Somewhere below are a line with "using reals_Archimedean2 by blast" and a later line with "in sequentially. N". Output exactly those lines and all lines between them.
═══ THE INPUT ═══
lemma connected_on_add_pendant:
  assumes u: "u \<notin> V" and v: "v \<in> V" and u_isolated: "\<And>z. \<not> E z u" "\<And>z. \<not> E u z"
  shows "connected_on (insert u V) (\<lambda>x y. E x y \<or> {x, y} = {u, v}) \<longleftrightarrow> connected_on V E"
proof
  let ?R = "{(x, y). E x y}" and ?R' = "{(x, y). E x y \<or> {x, y} = {u, v}}"
  assume conn: "connected_on (insert u V) (\<lambda>x y. E x y \<or> {x, y} = {u, v})"
  define r where "r x = (if x = u then v else x)" for x
  \<comment> \<open>Retracting the pendant vertex onto its neighbour turns walks of the new graph
    into walks of the old one.\<close>
  have r_step: "(r x, r y) \<in> ?R\<^sup>*" if "(x, y) \<in> ?R'" for x y
  proof (cases "E x y")
    case True
    then have "x \<noteq> u" "y \<noteq> u" using u_isolated by auto
    then show ?thesis using True by (simp add: r_def r_into_rtrancl)
  next
    case False
    then have "{x, y} = {u, v}" using that by simp
    then show ?thesis by (auto simp: r_def doubleton_eq_iff)
  qed
  have "(r a, r b) \<in> ?R\<^sup>*" if "a \<in> V" "b \<in> V" for a b
  proof (rule rtrancl_map_into_rtrancl[OF _ r_step])
    show "(a, b) \<in> ?R'\<^sup>*" using conn that unfolding connected_on_def by simp
  qed
  moreover have "r a = a" if "a \<in> V" for a using u that by (auto simp: r_def)
  ultimately show "connected_on V E" unfolding connected_on_def by auto
next
  let ?R' = "{(x, y). E x y \<or> {x, y} = {u, v}}"
  assume conn: "connected_on V E"
  have "(x, v) \<in> ?R'\<^sup>* \<and> (v, x) \<in> ?R'\<^sup>*" if "x \<in> insert u V" for x
  proof (cases "x = u")
    case True
    then show ?thesis by (auto intro: r_into_rtrancl)
  next
    case False
    then have "(x, v) \<in> {(x, y). E x y}\<^sup>* \<and> (v, x) \<in> {(x, y). E x y}\<^sup>*"
      using conn that v unfolding connected_on_def by auto
    moreover have "{(x, y). E x y}\<^sup>* \<subseteq> ?R'\<^sup>*" by (rule rtrancl_mono) auto
    ultimately show ?thesis by auto
  qed
  then show "connected_on (insert u V) (\<lambda>x y. E x y \<or> {x, y} = {u, v})"
    unfolding connected_on_def by (meson rtrancl_trans)
qed

lemma cycle_vertex_two_neighbours:
  assumes "3 \<le> length vs" "distinct vs" "\<forall>k<length vs. E (vs ! k) (vs ! ((k + 1) mod length vs))"
    and "u \<in> set vs"
  shows "\<exists>x y. x \<noteq> y \<and> E u x \<and> E y u"
proof -
  let ?n = "length vs"
  obtain p where p: "p < ?n" "vs ! p = u" using assms(4) by (auto simp: in_set_conv_nth)
  define q where "q = (if p = 0 then ?n - 1 else p - 1)"
  have q: "q < ?n" "(q + 1) mod ?n = p" using p assms(1) by (auto simp: q_def)
  have "(p + 1) mod ?n \<noteq> q" using p assms(1) by (auto simp: q_def mod_Suc)
  moreover have "(p + 1) mod ?n < ?n" by (rule mod_less_divisor) (use p in linarith)
  ultimately have "vs ! ((p + 1) mod ?n) \<noteq> vs ! q"
    using assms(2) q by (simp add: nth_eq_iff_index_eq)
  moreover have "E u (vs ! ((p + 1) mod ?n))" "E (vs ! q) u"
    using assms(3)[rule_format, OF p(1)] assms(3)[rule_format, OF q(1)]
    by (simp_all only: p(2) q(2))
  ultimately show ?thesis by blast
qed
lemma unbounded_below_opA:
  fixes \<xi> :: complex
  assumes "cmod \<xi> = 1" "l < k" "(\<lambda>n. f n / beta k l n) \<longlonglongrightarrow> \<kappa>" "\<kappa> < 2"
  shows "unbounded_below D0 (opA k l \<xi> f)"
  unfolding unbounded_below_def
proof
  fix M :: real
  obtain d where kd: "k = l + d" and "0 < d"
    using \<open>l < k\<close> less_imp_add_positive by blast
  obtain a where "\<kappa> < a" "0 \<le> a" "a < 2"
    using \<open>\<kappa> < 2\<close> by (intro that[of "(max \<kappa> 0 + 2) / 2"]) auto
  have beta_at_top: "\<forall>\<^sub>F n in sequentially. c < beta k l n" for c
    using filterlim_beta_at_top[of k l] \<open>l < k\<close> by (simp add: filterlim_at_top_dense)
  have "\<forall>\<^sub>F n in sequentially. f n \<le> a * beta k l n"
    using order_tendstoD(2)[OF assms(3) \<open>\<kappa> < a\<close>] beta_at_top[of 0]
    by eventually_elim (simp add: divide_less_eq mult.commute)
  then obtain N where f_le: "\<And>n. N \<le> n \<Longrightarrow> f n \<le> a * beta k l n"
    unfolding eventually_sequentially by blast
  obtain V :: nat where "(2 * a + 1) / (2 - a) < V"
    using reals_Archimedean2 by blast
  with \<open>a < 2\<close> have V: "2 * a + 1 \<le> (2 - a) * V"
    by (simp add: divide_less_eq mult.commute)
  have "\<forall>\<^sub>F n in sequentially. N + l \<le> n \<and> beta k l (n + V * d) \<le> 2 * beta k l n
      \<and> \<bar>M\<bar> * (V + 1) < beta k l n"
    using eventually_ge_at_top eventually_beta_shift_le beta_at_top
    by (intro eventually_conj) simp_all
  then obtain n where n: "N + l \<le> n" "beta k l (n + V * d) \<le> 2 * beta k l n"
      "\<bar>M\<bar> * (V + 1) < beta k l n"
    using eventually_happens'[OF trivial_limit_sequentially] by blast
  define x where "x = progression_vector (- \<xi>) d n (Suc V)"
  have "Re (ip x (opA k l \<xi> f x)) \<le> - beta k l n"
    unfolding x_def using assms(1) kd \<open>0 < d\<close> \<open>0 \<le> a\<close> V f_le n
    by (intro re_ip_progression_vector_opA_le) auto
  also have "\<dots> < - \<bar>M\<bar> * (V + 1)"
    using n(3) by simp
  also have "\<dots> \<le> M * (V + 1)"
    by (intro mult_right_mono) auto
  also have "\<dots> = M * nrm2 x"
    using \<open>0 < d\<close> assms(1) by (simp add: x_def nrm2_progression_vector)
  finally show "\<exists>x\<in>D0. Re (ip x (opA k l \<xi> f x)) < M * nrm2 x"
    using \<open>0 < d\<close> progression_vector_in_D0 x_def by blast
qed

lemma unbounded_below_extension:
  assumes "unbounded_below D' A" "D' \<subseteq> D" "\<forall>x\<in>D'. B x = A x"
  shows "unbounded_below D B"
  using assms unfolding unbounded_below_def by (metis subsetD)
(* $z^\star_{\omega,\tau}(t)\ge\frac{\tau}{L_\omega}\mathbf{1}$ (componentwise) for almost every $t\in\Omega$.
   Context: Let $\Omega=(t_0,t_E)$ bounded, $t_1,\dots,t_M\in[t_0,t_E]$; $\mathcal{X}=(H^1(\Omega))^{n_y}\times(L^2(\Omega))^{n_z}$, $x=(y,z)$. For $f:\mathbb{R}^{n_y}\times\mathbb{R}^{n_y}\times\mathbb{R}^{n_z}\times\Omega\to\mathbb{R}$, $c$ (values in $\mathbb{R}^{n_c}$), $b:(\mathbb{R}^{n_y})^M\to\mathbb{R}^{n_b}$: $F(x)=\int_\Omega f(\dot y,y,z,t)dt$, $r(x)=\int_\Omega\|c(\dot y,y,z,t)\|_2^2dt+\|b(y(t_1),\dots,y(t_M))\|_2^2$, $\Gamma(x)=-\sum_{j=1}^{n_z}\int_\Omega\log z_j(t)dt$. For $\omega\in(0,1)$, $\tau\in(0,\omega]$: $F_{\omega,\tau}=F+\frac1{2\omega}r+\tau\Gamma$, and $x^\star_{\omega,\tau}=(y^\star_{\omega,\tau},z^\star_{\omega,\tau})$ is a minimizer of $F_{\omega,\tau}$ over $\mathcal{X}$. Assumptions: (A.2) $\|c(\dot y(t),y(t),z(t),t)\|_1$ and $\|b(\dots)\|_1$ bounded for all $x$ with $z\ge0$, $t\in\Omega$; $F$ bounded below on $\{z\ge0\}$. (A.3) $f,c,b$ globally Lipschitz in all arguments except $t$. $L_F,L_r\ge2$ bound the Lipschitz constants of $F,r$ (w.r.t. $\|x\|_{\mathcal{X}}$ and $\|z\|_{L^1(\Omega)}$), $L_f,L_c$ are the Lipschitz constants of $f,c$, $|c|_{max}$ bounds $\|c\|_1$, and $L_\omega=\max\{L_F+\frac{L_r}{2\omega},L_f+\frac{L_c}{2\omega}|c|_{max}\}$. *)

theory Defs
  imports "HOL-Analysis.Analysis"
begin

definition Om :: "real \<Rightarrow> real \<Rightarrow> real set" where
  "Om t0 tE = {t0<..<tE}"

definition L2fun :: "real \<Rightarrow> real \<Rightarrow> (real \<Rightarrow> 'a::euclidean_space) \<Rightarrow> bool" where
  "L2fun t0 tE g \<longleftrightarrow> g \<in> borel_measurable (lebesgue_on (Om t0 tE))
      \<and> integrable (lebesgue_on (Om t0 tE)) (\<lambda>t. (norm (g t))^2)"

text \<open>H1 functions on a bounded interval, represented by their (absolutely) continuous
  representative on the closed interval: y is the indefinite integral of an L2 function.\<close>
definition H1fun :: "real \<Rightarrow> real \<Rightarrow> (real \<Rightarrow> 'a::euclidean_space) \<Rightarrow> bool" where
  "H1fun t0 tE y \<longleftrightarrow> (\<exists>v. L2fun t0 tE v \<and>
      (\<forall>t\<in>{t0..tE}. y t = y t0 + (LINT s:{t0..t}|lborel. v s)))"

definition Xspace :: "real \<Rightarrow> real \<Rightarrow>
    ((real \<Rightarrow> real^'ny) \<times> (real \<Rightarrow> real^'nz)) set" where
  "Xspace t0 tE = {(y, z). H1fun t0 tE y \<and> L2fun t0 tE z}"

text \<open>Derivative of y (coincides a.e. with the weak derivative for H1 functions).\<close>
definition dy :: "(real \<Rightarrow> 'a::real_normed_vector) \<Rightarrow> real \<Rightarrow> 'a" where
  "dy y t = vector_derivative y (at t)"

definition norm1 :: "real^'n \<Rightarrow> real" where
  "norm1 v = (\<Sum>i\<in>UNIV. \<bar>v $ i\<bar>)"

definition Xnorm :: "real \<Rightarrow> real \<Rightarrow> (real \<Rightarrow> real^'ny) \<Rightarrow> (real \<Rightarrow> real^'nz) \<Rightarrow> real" where
  "Xnorm t0 tE y z = sqrt (\<integral>t. (norm (y t))^2 + (norm (dy y t))^2 + (norm (z t))^2
                              \<partial>lebesgue_on (Om t0 tE))"

definition L1norm :: "real \<Rightarrow> real \<Rightarrow> (real \<Rightarrow> real^'nz) \<Rightarrow> real" where
  "L1norm t0 tE z = (\<integral>t. norm1 (z t) \<partial>lebesgue_on (Om t0 tE))"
═══
SOLUTION TO THE PROBLEM:
    using reals_Archimedean2 by blast
  with \<open>a < 2\<close> have V: "2 * a + 1 \<le> (2 - a) * V"
    by (simp add: divide_less_eq mult.commute)
  have "\<forall>\<^sub>F n in sequentially. N + l \<le> n \<and> beta k l (n + V * d) \<le> 2 * beta k l n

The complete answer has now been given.